South Africa’s central bank paused its rate cuts, keeping the repo rate at 7.50% due to trade risks and budget issues, despite stable low inflation. Governor Kganyago emphasized the need for caution. The rand remains strong despite international tensions, while a proposed VAT increase is under parliamentary review.
The South African Reserve Bank has decided to maintain its repo rate at 7.50%, pausing its cycle of rate cuts due to significant risks from global trade tensions and an unresolved national budget. This decision aligns with economists’ forecasts but different opinions were expressed among the bank’s members regarding the rate cut.
Governor Lesetja Kganyago emphasized the need for a cautious approach, citing unstable global economic conditions and domestic uncertainties. Despite low annual inflation remaining at 3.2%, concerns about the country’s economic outlook persist, particularly regarding the potential impact of a proposed increase in value-added tax, which requires parliamentary approval.
The South African rand has demonstrated resilience, appreciating more than 3% against the U.S. dollar in 2025. However, tensions with the Trump administration over land reform and international law cases raise additional concerns about economic stability in the region.

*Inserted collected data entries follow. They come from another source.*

(* Let $p>1$, $1/p+1/q=1$, let $\{(x_i,y_i)\}_{i=1}^n\subset\mathbb{R}^d\times\{\pm1\}$ be linearly separable with $\max_i\|x_i\|_q<C$, and let $L(w)=\frac1n\sum_i\ell(y_i\langle w,x_i\rangle)$ with $\ell$ differentiable, decreasing, convex, not attaining its minimum, $\inf\ell=0$. Assume the regularized direction $\bar w^{\mathrm{reg}}_p$ exists. Let $\alpha>0$ and let $r_\alpha$ be such that $L((1+\alpha)\|w\|_p\bar w^{\mathrm{reg}}_p)\le L(w)$ for all $w$ with $\|w\|_p>r_\alpha$. Then for every $w$ with $\|w\|_p>r_\alpha$, $$\langle\nabla L(w),w\rangle\ge(1+\alpha)\|w\|_p\,\langle\nabla L(w),\bar w^{\mathrm{reg}}_p\rangle.$$
   Context: The regularized direction is $\bar w^{\mathrm{reg}}_p=\lim_{B\to\infty}\bar w_p(B)/B$, where $\bar w_p(B)=\arg\min_{\|w\|_p\le B}L(w)$. *)

theory Defs
  imports "HOL-Analysis.Analysis"
begin

definition pnorm :: "real \<Rightarrow> real ^ 'd \<Rightarrow> real" where
  "pnorm p w = (\<Sum>i\<in>UNIV. \<bar>w $ i\<bar> powr p) powr (1 / p)"

definition emp_loss ::
  "(real \<Rightarrow> real) \<Rightarrow> nat \<Rightarrow> (nat \<Rightarrow> real ^ 'd) \<Rightarrow> (nat \<Rightarrow> real) \<Rightarrow> real ^ 'd \<Rightarrow> real" where
  "emp_loss l n x y w = (1 / real n) * (\<Sum>i<n. l (y i * (w \<bullet> x i)))"

definition reg_dir :: "real \<Rightarrow> (real ^ 'd \<Rightarrow> real) \<Rightarrow> real ^ 'd \<Rightarrow> bool" where
  "reg_dir p L wbar \<longleftrightarrow>
     (\<exists>wB :: real \<Rightarrow> real ^ 'd.
        (\<forall>B>0. pnorm p (wB B) \<le> B \<and> (\<forall>v. pnorm p v \<le> B \<longrightarrow> L (wB B) \<le> L v)) \<and>
        ((\<lambda>B. (1 / B) *\<^sub>R wB B) \<longlongrightarrow> wbar) at_top)"

end

theory Submission
  imports Defs
begin

(* L is convex, so at a point of differentiability its gradient g satisfies
   <g, v - w> <= L v - L w for every v.  Taking v = (1 + alpha) |w|_p wbar, the choice of r_alpha
   makes the right-hand side nonpositive, which is the claimed inequality. *)

lemma convex_on_compose_affine:
  fixes f :: "'b::real_vector \<Rightarrow> real" and h :: "'a::real_vector \<Rightarrow> 'b"
  assumes f: "convex_on UNIV f" and h: "linear h"
  shows "convex_on UNIV (\<lambda>z. f (c + h z))"
proof (rule convex_onI)
  fix s :: real and z1 z2 :: 'a
  assume s: "0 < s" "s < 1"
  have "c + h ((1 - s) *\<^sub>R z1 + s *\<^sub>R z2) = (1 - s) *\<^sub>R (c + h z1) + s *\<^sub>R (c + h z2)"
    by (simp add: linear_add[OF h] linear_scale[OF h] scaleR_add_right
        flip: scaleR_add_left)
  then show "f (c + h ((1 - s) *\<^sub>R z1 + s *\<^sub>R z2)) \<le> (1 - s) * f (c + h z1) + s * f (c + h z2)"
    using convex_onD[OF f, of s] s by simp
qed simp

lemma convex_on_sum_fun:
  assumes "convex A" "\<And>i. i \<in> S \<Longrightarrow> convex_on A (f i)"
  shows "convex_on A (\<lambda>x. \<Sum>i\<in>S. f i x)"
  using assms(2)
proof (induction S rule: infinite_finite_induct)
  case (insert j S)
  then show ?case by (simp add: convex_on_add)
qed (simp_all add: convex_on_const assms(1))

lemma convex_on_emp_loss:
  assumes "convex_on UNIV l"
  shows "convex_on UNIV (emp_loss l n x y)"
proof -
  have "convex_on UNIV (\<lambda>w. l (0 + y i * (w \<bullet> x i)))" for i
    by (rule convex_on_compose_affine[OF assms])
      (simp add: linear_iff inner_add_left algebra_simps)
  then have "convex_on UNIV (\<lambda>w. \<Sum>i<n. l (y i * (w \<bullet> x i)))"
    by (intro convex_on_sum_fun) simp_all
  then show ?thesis
    unfolding emp_loss_def by (rule convex_on_cmul[rotated]) simp
qed

lemma convex_on_has_derivative_above_tangent:
  fixes f :: "'a::real_normed_vector \<Rightarrow> real"
  assumes convex: "convex_on UNIV f" and deriv: "(f has_derivative f') (at w)"
  shows "f w + f' (v - w) \<le> f v"
proof -
  define \<phi> where "\<phi> = (\<lambda>t::real. f (w + t *\<^sub>R (v - w)))"
  have "convex_on UNIV \<phi>"
    unfolding \<phi>_def by (intro convex_on_compose_affine[OF convex] linear_scaleR_left)
  moreover have "(\<phi> has_field_derivative f' (v - w)) (at 0)"
  proof -
    have line: "((\<lambda>t. w + t *\<^sub>R (v - w)) has_derivative (\<lambda>t. t *\<^sub>R (v - w))) (at 0)"
      by (auto intro!: derivative_eq_intros)
    have "(f has_derivative f') (at (w + 0 *\<^sub>R (v - w)))"
      using deriv by simp
    from diff_chain_at[OF line this]
    have "(\<phi> has_derivative (\<lambda>t. f' (t *\<^sub>R (v - w)))) (at 0)"
      by (simp add: \<phi>_def o_def)
    then show ?thesis
      by (simp add: has_field_derivative_def linear_scale[OF has_derivative_linear[OF deriv]]
          mult.commute[of _ "f' (v - w)"])
  qed
  ultimately have "f' (v - w) * (1 - 0) \<le> \<phi> 1 - \<phi> 0"
    by (intro convex_on_imp_above_tangent) auto
  then show ?thesis
    by (simp add: \<phi>_def)
qed

theorem corollary1:
  fixes p q C \<alpha> r :: real
    and n :: nat
    and x :: "nat \<Rightarrow> real ^ 'd"
    and y :: "nat \<Rightarrow> real"
    and l :: "real \<Rightarrow> real"
    and wbar :: "real ^ 'd"
  assumes p: "p > 1"
    and q: "1 / p + 1 / q = 1"
    and n: "n \<ge> 1"
    and labels: "\<forall>i<n. y i \<in> {-1, 1}"
    and separable: "\<exists>w. \<forall>i<n. y i * (w \<bullet> x i) > 0"
    and bounded: "\<forall>i<n. pnorm q (x i) < C"
    and l_diff: "\<forall>t. l differentiable (at t)"
    and l_decr: "\<forall>s t. s < t \<longrightarrow> l t < l s"
    and l_convex: "convex_on UNIV l"
    and l_nomin: "\<forall>t. \<exists>s. l s < l t"
    and l_inf: "(INF t. l t) = 0"
    and regdir: "reg_dir p (emp_loss l n x y) wbar"
    and alpha: "\<alpha> > 0"
    and r_alpha: "\<forall>w. pnorm p w > r \<longrightarrow>
                   emp_loss l n x y (((1 + \<alpha>) * pnorm p w) *\<^sub>R wbar) \<le> emp_loss l n x y w"
  shows "\<forall>w g. pnorm p w > r \<longrightarrow> (emp_loss l n x y has_derivative (\<lambda>h. g \<bullet> h)) (at w) \<longrightarrow>
           g \<bullet> w \<ge> (1 + \<alpha>) * pnorm p w * (g \<bullet> wbar)"
proof (intro allI impI)
  fix w g :: "real ^ 'd"
  assume w: "pnorm p w > r"
    and deriv: "(emp_loss l n x y has_derivative (\<lambda>h. g \<bullet> h)) (at w)"
  define v where "v = ((1 + \<alpha>) * pnorm p w) *\<^sub>R wbar"
  have "emp_loss l n x y w + g \<bullet> (v - w) \<le> emp_loss l n x y v"
    by (rule convex_on_has_derivative_above_tangent[OF convex_on_emp_loss[OF l_convex] deriv])
  moreover have "emp_loss l n x y v \<le> emp_loss l n x y w"
    using r_alpha w by (simp add: v_def)
  ultimately have "g \<bullet> v \<le> g \<bullet> w"
    by (simp add: inner_diff_right)
  then show "g \<bullet> w \<ge> (1 + \<alpha>) * pnorm p w * (g \<bullet> wbar)"
    by (simp add: v_def)
qed

end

In summary, the South African Reserve Bank’s decision to halt rate cuts reflects concerns about external trade issues and internal budget challenges. With inflation held steady, the cautious approach taken by the bank highlights the delicate balance they must maintain in addressing both local and international pressures. The planned increase in value-added tax also poses potential inflationary risks that may further complicate the economic landscape.